Žižek on post-U.S. order, Harvey on Piketty, Rushkoff's new job and doc

The "American century" is over, and we have entered a period in which multiple centres of global capitalism have been forming. In the US, Europe, China and maybe Latin America, too, capitalist systems have developed with specific twists: the US stands for neoliberal capitalism, Europe for what remains of the welfare state, China for authoritarian capitalism, Latin America for populist capitalism. After the attempt by the US to impose itself as the sole superpower – the universal policeman – failed, there is now the need to establish the rules of interaction between these local centres as regards their conflicting interests.

In politics, age-old fixations, and particular, substantial ethnic, religious and cultural identities, have returned with a vengeance. Our predicament today is defined by this tension: the global free circulation of commodities is accompanied by growing separations in the social sphere.

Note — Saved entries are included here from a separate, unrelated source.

lemma xz_poly_zero [simp]: "xz_poly (\<lambda>k. 0) = 0"
  by (simp add: xz_poly_def)

lemma Lz_eq_xz_poly:
  assumes "\<forall>s\<in>{1..6}. \<alpha> i s * \<beta> j s = 0"
  shows "Lz p4 p5 p6 p7 a b \<kappa> \<alpha> \<beta> i j = xz_poly (\<lambda>k. lax_A a b \<kappa> \<alpha> \<beta> k i j)"
proof -
  have "(\<Sum>s\<in>{1..6}. fls_const (\<alpha> i s * \<beta> j s) * (yz p4 p5 p6 p7 + fls_const (b s))
            * inverse (xz - fls_const (a s))) = 0"
    using assms by (intro sum.neutral) auto
  then show ?thesis by (simp add: Lz_def xz_poly_def)
qed

lemma Ham_triangular:
  assumes cd: "{c, d} = {1, 2::nat}"
    and "Lz p4 p5 p6 p7 a b \<kappa> \<alpha> \<beta> d c = 0"
    and "Lz p4 p5 p6 p7 a b \<kappa> \<alpha> \<beta> c c = xz_poly f" "Lz p4 p5 p6 p7 a b \<kappa> \<alpha> \<beta> d d = xz_poly g"
  shows "Ham p4 p5 p6 p7 a b \<kappa> \<alpha> \<beta> = quad_residue f + quad_residue g"
proof -
  have "c \<noteq> d" using cd by auto
  then have trace: "(\<Sum>i\<in>{1,2::nat}. \<Sum>j\<in>{1,2::nat}.
      Lz p4 p5 p6 p7 a b \<kappa> \<alpha> \<beta> i j * Lz p4 p5 p6 p7 a b \<kappa> \<alpha> \<beta> j i)
      = xz_poly f * xz_poly f + xz_poly g * xz_poly g"
    unfolding cd[symmetric] using assms(2-4) by simp
  show ?thesis
    unfolding Ham_def trace distrib_left fls_residue_add residue_xz_poly_square ..
qed

text \<open>With the singular part of L confined to the entry (c, d), L is triangular and its diagonal
  entries are the quadratics interpolating \<kappa> at p, q, r and at m, u, v.\<close>
lemma Ham_eq_Gfun_sum:
  assumes cd: "{c, d} = {1, 2::nat}" and S: "{p, q, r, m, u, v} = {1..6::nat}"
    and dist: "distinct [a p, a q, a r]" "distinct [a m, a u, a v]"
    and config: "\<alpha> d p = 0" "\<alpha> d q = 0" "\<alpha> d r = 0" "\<alpha> c p \<noteq> 0" "\<alpha> c q \<noteq> 0" "\<alpha> c r \<noteq> 0"
      "\<alpha> c u = 0" "\<alpha> c v = 0" "\<alpha> d m \<noteq> 0" "\<alpha> d u \<noteq> 0" "\<alpha> d v \<noteq> 0"
    and sing: "\<forall>s\<in>{1..6}. \<alpha> c s * \<beta> c s = 0 \<and> \<alpha> d s * \<beta> d s = 0 \<and> \<alpha> d s * \<beta> c s = 0"
  shows "Ham p4 p5 p6 p7 a b \<kappa> \<alpha> \<beta>
       = Gfun (a p) (a q) (a r) (\<kappa> p) (\<kappa> q) (\<kappa> r) + Gfun (a m) (a u) (a v) (\<kappa> m) (\<kappa> u) (\<kappa> v)"
proof -
  have "c \<noteq> d" using cd by auto
  have sing_zero: "sing_entry a b \<alpha> \<beta> i j s = 0"
    if "(i, j) \<in> {(c, c), (d, d), (d, c)}" for i j s
    unfolding sing_entry_def using sing that by (intro sum.neutral) auto
  have rhs_d: "lax_rhs a b \<kappa> \<alpha> \<beta> d s = \<kappa> s * \<alpha> d s" for s
    unfolding lax_rhs_def cd[symmetric] using sing_zero \<open>c \<noteq> d\<close> by simp
  have rhs_c: "lax_rhs a b \<kappa> \<alpha> \<beta> c s = \<kappa> s * \<alpha> c s" if "\<alpha> d s = 0" for s
    unfolding lax_rhs_def cd[symmetric] using sing_zero \<open>c \<noteq> d\<close> that by simp
  have pure_c: "pure_coeffs a (\<alpha> c) (lax_rhs a b \<kappa> \<alpha> \<beta> c) p q r
      = lagrange3 (a p) (a q) (a r) (\<kappa> p) (\<kappa> q) (\<kappa> r)"
    using config by (simp add: pure_coeffs_def rhs_c)
  have pure_d: "pure_coeffs a (\<alpha> c) (lax_rhs a b \<kappa> \<alpha> \<beta> d) p q r = (\<lambda>k. 0)"
    using config by (simp add: pure_coeffs_def rhs_d)
  have mixed_d: "mixed_coeffs a (\<alpha> c) (\<alpha> d) (lax_rhs a b \<kappa> \<alpha> \<beta> d) p q r m u v
      = lagrange3 (a m) (a u) (a v) (\<kappa> m) (\<kappa> u) (\<kappa> v)"
    using config by (simp add: mixed_coeffs_def pure_d rhs_d quad_eval_def)
  note A = lax_A_eq_lax_solution[OF cd S dist config]
  have "c \<in> {1, 2}" "d \<in> {1, 2}" using cd by auto
  then have "Lz p4 p5 p6 p7 a b \<kappa> \<alpha> \<beta> d c = 0"
      "Lz p4 p5 p6 p7 a b \<kappa> \<alpha> \<beta> c c = xz_poly (lagrange3 (a p) (a q) (a r) (\<kappa> p) (\<kappa> q) (\<kappa> r))"
      "Lz p4 p5 p6 p7 a b \<kappa> \<alpha> \<beta> d d = xz_poly (lagrange3 (a m) (a u) (a v) (\<kappa> m) (\<kappa> u) (\<kappa> v))"
    using sing \<open>c \<noteq> d\<close>
    by (simp_all add: Lz_eq_xz_poly A lax_solution_def pure_c pure_d mixed_d cong: xz_poly_cong)
  then show ?thesis
    using Ham_triangular[OF cd] quad_residue_lagrange3 dist by simp
qed

section \<open>The subvariety Z\<close>

lemma atLeastAtMost_1_6: "{1..6::nat} = {1, 2, 3, 4, 5, 6}"
  by auto

lemma atLeastAtMost_1_4: "{1..4::nat} = {1, 2, 3, 4}"
  by auto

Since the fall of the Berlin Wall and the rise of the global market, new walls have begun emerging everywhere, separating peoples and their cultures. Perhaps the very survival of humanity depends on resolving this tension.

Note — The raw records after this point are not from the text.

lemma flux_tendsto:
  assumes R: "0 < R"
  shows "(\<lambda>n. gd (mu n) * integral {0..gamma0 n * R} (\<lambda>r. lam n * h r * f (u n r) * r))
    \<longlonglongrightarrow> 4 * R\<^sup>2 / (8 + R\<^sup>2)"
proof (rule Lim_transform_eventually)
  have "- R * bubble' R = 4 * R\<^sup>2 / (8 + R\<^sup>2)"
    by (simp add: bubble'_def power2_eq_square)
  with tendsto_mult[OF tendsto_const Z'_tendsto[OF R], of "- R"]
  show "(\<lambda>n. - R * Z' n R) \<longlonglongrightarrow> 4 * R\<^sup>2 / (8 + R\<^sup>2)"
    by simp
  show "\<forall>\<^sub>F n in sequentially. - R * Z' n R
      = gd (mu n) * integral {0..gamma0 n * R} (\<lambda>r. lam n * h r * f (u n r) * r)"
    using eventually_large eventually_gamma0_small[OF zero_less_one, of R]
    by eventually_elim (use flux_eq_Z' R in auto)
qed

lemma u_above_shift:
  assumes n: "large n" and R: "gamma0 n * R \<le> 1" and r: "0 \<le> r" "r \<le> gamma0 n * R"
  shows "mu n - Zbound R / gd (mu n) \<le> u n r"
proof -
  define s where "s = r / gamma0 n"
  have s: "0 \<le> s" "s \<le> R" "gamma0 n * s = r"
    using gamma0_pos[OF n] r by (auto simp: s_def field_simps)
  have "gamma0 n * s \<le> 1"
    using s r R by simp
  then have "- Zbound R \<le> Z n s"
    using Z_bounds(1)[OF n s(1)] Zbound_mono[OF s(1,2)] by simp
  then show ?thesis
    using large_pos[OF n] s(3) by (simp add: Z_def field_simps)
qed

lemma flux'_integral_bounds:
  assumes n: "large n" and R: "gamma0 n * R \<le> 1" and \<tau>: "t0 < mu n - Zbound R / gd (mu n)"
  defines "I \<equiv> integral {0..gamma0 n * R} (\<lambda>r. lam n * h r * f (u n r) * r)"
    and "I' \<equiv> integral {0..gamma0 n * R} (\<lambda>r. lam n * h r * f' (u n r) * r)"
  shows "gd (mu n - Zbound R / gd (mu n)) * I \<le> I'" and "I' \<le> gd (mu n) * I"
proof -
  define \<tau> where "\<tau> = mu n - Zbound R / gd (mu n)"
  have sub: "{0..gamma0 n * R} \<subseteq> {0..1}"
    using R by auto
  have int: "(\<lambda>r. lam n * h r * f (u n r) * r) integrable_on {0..gamma0 n * R}"
    "(\<lambda>r. lam n * h r * f' (u n r) * r) integrable_on {0..gamma0 n * R}"
    by (intro integrable_continuous_interval continuous_on_subset[OF _ sub]
        flux_integrand_cont flux'_integrand_cont)+
  have pointwise: "gd \<tau> * (lam n * h r * f (u n r) * r) \<le> lam n * h r * f' (u n r) * r
    \<and> lam n * h r * f' (u n r) * r \<le> gd (mu n) * (lam n * h r * f (u n r) * r)"
    if r: "r \<in> {0..gamma0 n * R}" for r
  proof -
    have u: "\<tau> \<le> u n r" "u n r \<le> mu n"
      using u_above_shift[OF n R, of r] u_le_mu[of r n] r sub by (auto simp: \<tau>_def)
    have A: "0 \<le> lam n * h r * f (u n r) * r"
      using rhs_nonneg[of r n] r sub by auto
    have "f' (u n r) = gd (u n r) * f (u n r)"
      using f'_eq u \<tau> by (simp add: \<tau>_def)
    then have eq: "lam n * h r * f' (u n r) * r = gd (u n r) * (lam n * h r * f (u n r) * r)"
      by simp
    have "gd \<tau> \<le> gd (u n r)" "gd (u n r) \<le> gd (mu n)"
      using gd_mono u \<tau> by (auto simp: \<tau>_def)
    then show ?thesis
      unfolding eq using mult_right_mono[OF _ A] by blast
  qed
  show "gd (mu n - Zbound R / gd (mu n)) * I \<le> I'"
    using integral_le[OF integrable_on_cmult_left[OF int(1)] int(2)] pointwise
    by (simp add: I_def I'_def \<tau>_def)
  show "I' \<le> gd (mu n) * I"
    using integral_le[OF int(2) integrable_on_cmult_left[OF int(1)]] pointwise
    by (simp add: I_def I'_def)
qed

  • Thomas Piketty's book Capital in the 21st Century has received widespread media attention, and enjoyed so much popular success that at times Amazon has been sold out of copies. It seems natural then that David Harvey, reigning champion of Marx's Capital in the 21st century would comment on the work, which he has now done on his web site:

The book has often been presented as a twenty-first century substitute for Karl Marx’s nineteenth century work of the same title. Piketty actually denies this was his intention, which is just as well since his is not a book about capital at all. It does not tell us why the crash of 2008 occurred and why it is taking so long for so many people to get out from under the dual burdens of prolonged unemployment and millions of houses lost to foreclosure. It does not help us understand why growth is currently so sluggish in the US as opposed to China and why Europe is locked down in a politics of austerity and an economy of stagnation. What Piketty does show statistically (and we should be indebted to him and his colleagues for this) is that capital has tended throughout its history to produce ever-greater levels of inequality. This is, for many of us, hardly news. It was, moreover, exactly Marx’s theoretical conclusion in Volume One of his version of Capital. Piketty fails to note this, which is not surprising since he has since claimed, in the face of accusations in the right wing press that he is a Marxist in disguise, not to have read Marx’s Capital.

[...]

There is, however, a central difficulty with Piketty’s argument. It rests on a mistaken definition of capital. Capital is a process not a thing. It is a process of circulation in which money is used to make more money often, but not exclusively through the exploitation of labor power.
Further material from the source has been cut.